Shadow AI: A silent helper in the background and a test of corporate culture
Feb 19, 2026

What is Shadow AI and why should you care
Shadow AI (literally "shadow artificial intelligence") refers to the use of AI tools by employees without formal approval or supervision from the IT department. It is akin to the phenomenon of shadow IT (i.e., unofficial technologies within a company), but in the case of AI, the barriers to entry are even lower and the spread is faster. Today, employees can start using generative AI models like ChatGPT to facilitate their work within minutes, without management even knowing it. And this is not an exceptional occurrence: studies show that over 80% of organizations exhibit signs of such informal AI activity across all departments – from sales teams entering customer data into ChatGPT to HR uploading candidate resumes into public AI applications. Another survey revealed that more than half of employees (59%) have already used some unauthorized AI tool at work, and in most of these cases, their direct supervisor is even aware of it and quietly tolerates it. Thus, Shadow AI is not a marginal phenomenon, but a common reality even in Czech companies and at the same time a warning signal in terms of corporate culture.
Why Shadow AI arises in companies
Shadow AI does not arise because employees want to deliberately break the rules – on the contrary, they often have no other option in a situation where they need to perform. There are several main reasons why people turn to unofficial AI tools:
Hunger for efficiency and innovation: Employees are under pressure to do their jobs faster and smarter, and AI offers them immediate assistance in this respect. Many AI tools are also available for free or at a low cost, so their benefits (quick text summaries, generating proposals, automating routines) manifest almost immediately. According to recent findings, most employees perceive AI as a way to make their work easier, not to take someone else's job, and thus use it to increase their own efficiency. When they feel it will help them meet deadlines or complete tasks better, they do not hesitate, especially if the company currently offers no official alternative.
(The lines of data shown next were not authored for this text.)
lemma descent_cone_halving_sequence:
  assumes nonneg: "\<And>z. z \<in> E \<Longrightarrow> 0 \<le> snd z" and "z0 \<in> E"
  obtains Z where "Z 0 = z0" and "\<And>n. Z (Suc n) \<in> descent_cone B E (Z n)"
    and "\<And>n. snd (Z (Suc n)) \<le> (snd (Z n) + Inf (snd ` descent_cone B E (Z n))) / 2"
proof -
  let ?C = "descent_cone B E" and ?m = "\<lambda>z. Inf (snd ` descent_cone B E z)"
  note bdd = bdd_below_descent_cone_levels[OF nonneg]
  have "\<exists>z'. z' \<in> ?C z \<and> snd z' \<le> (snd z + ?m z) / 2" if "z \<in> E" for z
  proof (cases "?m z < snd z")
    case True
    then have "Inf (snd ` ?C z) < (snd z + ?m z) / 2"
      by simp
    moreover have "snd ` ?C z \<noteq> {}"
      using descent_cone_refl[OF \<open>z \<in> E\<close>] by blast
    ultimately obtain y where "y \<in> snd ` ?C z" "y < (snd z + ?m z) / 2"
      by (subst (asm) cInf_less_iff[OF _ bdd]) auto
    then show ?thesis
      by force
  next
    case False
    have "snd z \<in> snd ` ?C z"
      using descent_cone_refl[OF \<open>z \<in> E\<close>] by (rule imageI)
    then have "?m z \<le> snd z"
      by (rule cInf_lower[OF _ bdd])
    with False show ?thesis
      using descent_cone_refl[OF \<open>z \<in> E\<close>] by (intro exI[of _ z]) simp
  qed
  then obtain nxt where nxt: "\<And>z. z \<in> E \<Longrightarrow> nxt z \<in> ?C z \<and> snd (nxt z) \<le> (snd z + ?m z) / 2"
    by metis
  define Z where "Z n = (nxt ^^ n) z0" for n
  have Z_Suc: "Z (Suc n) = nxt (Z n)" for n
    by (simp add: Z_def)
  have Z_in_E: "Z n \<in> E" for n
  proof (induction n)
    case 0
    then show ?case
      using \<open>z0 \<in> E\<close> by (simp add: Z_def)
  next
    case (Suc n)
    then show ?case
      using nxt[OF Suc] by (simp add: Z_Suc descent_cone_def)
  qed
  show ?thesis
    using that[of Z] nxt[OF Z_in_E] by (simp add: Z_Suc Z_def)
qed

lemma descent_sequence_limit:
  fixes E :: "('a::complete_space \<times> real) set"
  assumes "closed E" and nonneg: "\<And>z. z \<in> E \<Longrightarrow> 0 \<le> snd z"
    and "Z 0 \<in> E" and Z_Suc: "\<And>n. Z (Suc n) \<in> descent_cone B E (Z n)"
  obtains p \<sigma> where "(\<lambda>n. snd (Z n)) \<longlonglongrightarrow> \<sigma>" and "(p, \<sigma>) \<in> E"
    and "\<And>n. (p, \<sigma>) \<in> descent_cone B E (Z n)"
proof -
  have Z_in_E: "Z n \<in> E" for n
    using \<open>Z 0 \<in> E\<close> Z_Suc by (cases n) (auto simp: descent_cone_def)
  have Z_in_cone: "Z (n + k) \<in> descent_cone B E (Z n)" for n k
  proof (induction k)
    case 0
    then show ?case
      using descent_cone_refl[OF Z_in_E] by simp
  next
    case (Suc k)
    then show ?case
      using descent_cone_trans[OF _ Z_Suc[of "n + k"]] by simp
  qed
  define S where "S n = snd (Z n)" for n
  define P where "P n = fst (Z n)" for n
  have "decseq S"
    unfolding decseq_Suc_iff using Z_Suc by (auto simp: S_def descent_cone_def)
  then obtain \<sigma> where S_lim: "S \<longlonglongrightarrow> \<sigma>" and S_ge: "\<And>n. \<sigma> \<le> S n"
    using decseq_convergent[of S] nonneg[OF Z_in_E] unfolding S_def by blast
  have "dist (P m) (P n) \<le> B * (S n - S m)" if "n \<le> m" for n m
    using Z_in_cone[of n "m - n"] that by (simp add: descent_cone_def P_def S_def)
  then obtain p where P_lim: "P \<longlonglongrightarrow> p" and p_dist: "\<And>n. dist p (P n) \<le> B * (S n - \<sigma>)"
    using convergent_if_dist_le_convergent_diff[OF S_lim] by blast
  have "(p, \<sigma>) \<in> E"
    using \<open>closed E\<close> tendsto_Pair[OF P_lim S_lim] Z_in_E
    by (auto simp: closed_sequential_limits P_def S_def)
  moreover have "(p, \<sigma>) \<in> descent_cone B E (Z n)" for n
    using \<open>(p, \<sigma>) \<in> E\<close> p_dist S_ge by (simp add: descent_cone_def P_def S_def)
  ultimately show ?thesis
    using that S_lim unfolding S_def by blast
qed

lemma closed_descent_reaches_level_zero:
  fixes E :: "('a::complete_space \<times> real) set"
  assumes "closed E"
    and nonneg: "\<And>z. z \<in> E \<Longrightarrow> 0 \<le> snd z"
    and step: "\<And>p s. (p, s) \<in> E \<Longrightarrow> s > 0 \<Longrightarrow> \<exists>q t. (q, t) \<in> E \<and> t < s \<and> dist q p \<le> B * (s - t)"
    and start: "(x0, s0) \<in> E"
  shows "\<exists>p. (p, 0) \<in> E \<and> dist p x0 \<le> B * s0"
proof -
  let ?C = "descent_cone B E"
  obtain Z where Z0: "Z 0 = (x0, s0)" and Z_Suc: "\<And>n. Z (Suc n) \<in> ?C (Z n)"
    and halving: "\<And>n. snd (Z (Suc n)) \<le> (snd (Z n) + Inf (snd ` ?C (Z n))) / 2"
    using descent_cone_halving_sequence[OF nonneg start] by blast
  have "Z 0 \<in> E"
    using start Z0 by simp
  then obtain p \<sigma> where S_lim: "(\<lambda>n. snd (Z n)) \<longlonglongrightarrow> \<sigma>" and "(p, \<sigma>) \<in> E"
    and p_in_cone: "\<And>n. (p, \<sigma>) \<in> ?C (Z n)"
    using descent_sequence_limit[where Z=Z, OF \<open>closed E\<close> nonneg \<open>Z 0 \<in> E\<close> Z_Suc] by blast
  have "\<sigma> = 0"
  proof (rule ccontr)
    assume "\<sigma> \<noteq> 0"
    with nonneg[OF \<open>(p, \<sigma>) \<in> E\<close>] have "\<sigma> > 0"
      by simp
    then obtain q t where "(q, t) \<in> E" "t < \<sigma>" "dist q p \<le> B * (\<sigma> - t)"
      using step \<open>(p, \<sigma>) \<in> E\<close> by blast
    then have "(q, t) \<in> ?C (p, \<sigma>)"
      by (simp add: descent_cone_def)
    then have "(q, t) \<in> ?C (Z n)" for n
      by (rule descent_cone_trans[OF p_in_cone])
    then have "t \<in> snd ` ?C (Z n)" for n
      by (rule rev_image_eqI) simp
    then have Inf_le: "Inf (snd ` ?C (Z n)) \<le> t" for n
      by (rule cInf_lower[OF _ bdd_below_descent_cone_levels[OF nonneg]])
    have "snd (Z (Suc n)) \<le> (snd (Z n) + t) / 2" for n
      using order_trans[OF halving divide_right_mono[OF add_left_mono[OF Inf_le]]] by simp
    moreover have "(\<lambda>n. (snd (Z n) + t) / 2) \<longlonglongrightarrow> (\<sigma> + t) / 2"
      by (rule tendsto_divide[OF tendsto_add[OF S_lim tendsto_const] tendsto_const]) simp
    ultimately have "\<sigma> \<le> (\<sigma> + t) / 2"
      by (intro LIMSEQ_le[OF LIMSEQ_Suc[OF S_lim]]) auto
    with \<open>t < \<sigma>\<close> show False
      by simp
  qed
  then show ?thesis
    using p_in_cone[of 0] by (auto simp: descent_cone_def Z0)
qed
Slow internal processes and lack of support: Many organizations are still developing strategies, policies, and rules for the use of AI, which takes months. (If this topic interests you, read David Novák's article) Internal approvals of new tools, security checks, and procurement processes are often so cumbersome that employees have already found solutions on their own in the meantime. While management discusses AI strategy, people "on the front lines" are already using AI to solve real problems in real-time. As a result, a gap emerges between management's caution and individuals' initiative. Employees are optimizing their work for today, while leadership is still planning for tomorrow. The expansion of shadow AI is also fueled by the fact that official AI tools are either unavailable or do not meet needs. According to a survey, although 77% of companies have some policy for AI, only half of them provide employees with approved AI tools, and only a third of employees believe that these official tools actually meet their needs. Where official support is lacking or stalled, personal accounts and DIY "black" solutions come into play.
Performance pressure vs. rules: In the cultural undercurrents of many companies, a dual message resonates: on one hand, "be innovative, use AI, speed up", on the other "follow our procedures, wait for approval, adhere to regulations". These mixed, and sometimes even contradictory messages from the top place employees in a difficult situation. They feel strong pressure to be productive and see that competitors are using AI, so they do not want to fall behind. At the same time, however, they do not have clear tools or boundaries available, as official standards "will come in time". The result? To meet the demand for speed, they find their own way, even if it means circumventing existing rules. Employees are thus addressing a paradox where they have to simultaneously 1) innovate and speed up using AI, 2) wait for top-down directives, 3) protect the company from risks that cannot be fulfilled together, and so they improvise in favor of the first law while ignoring the second.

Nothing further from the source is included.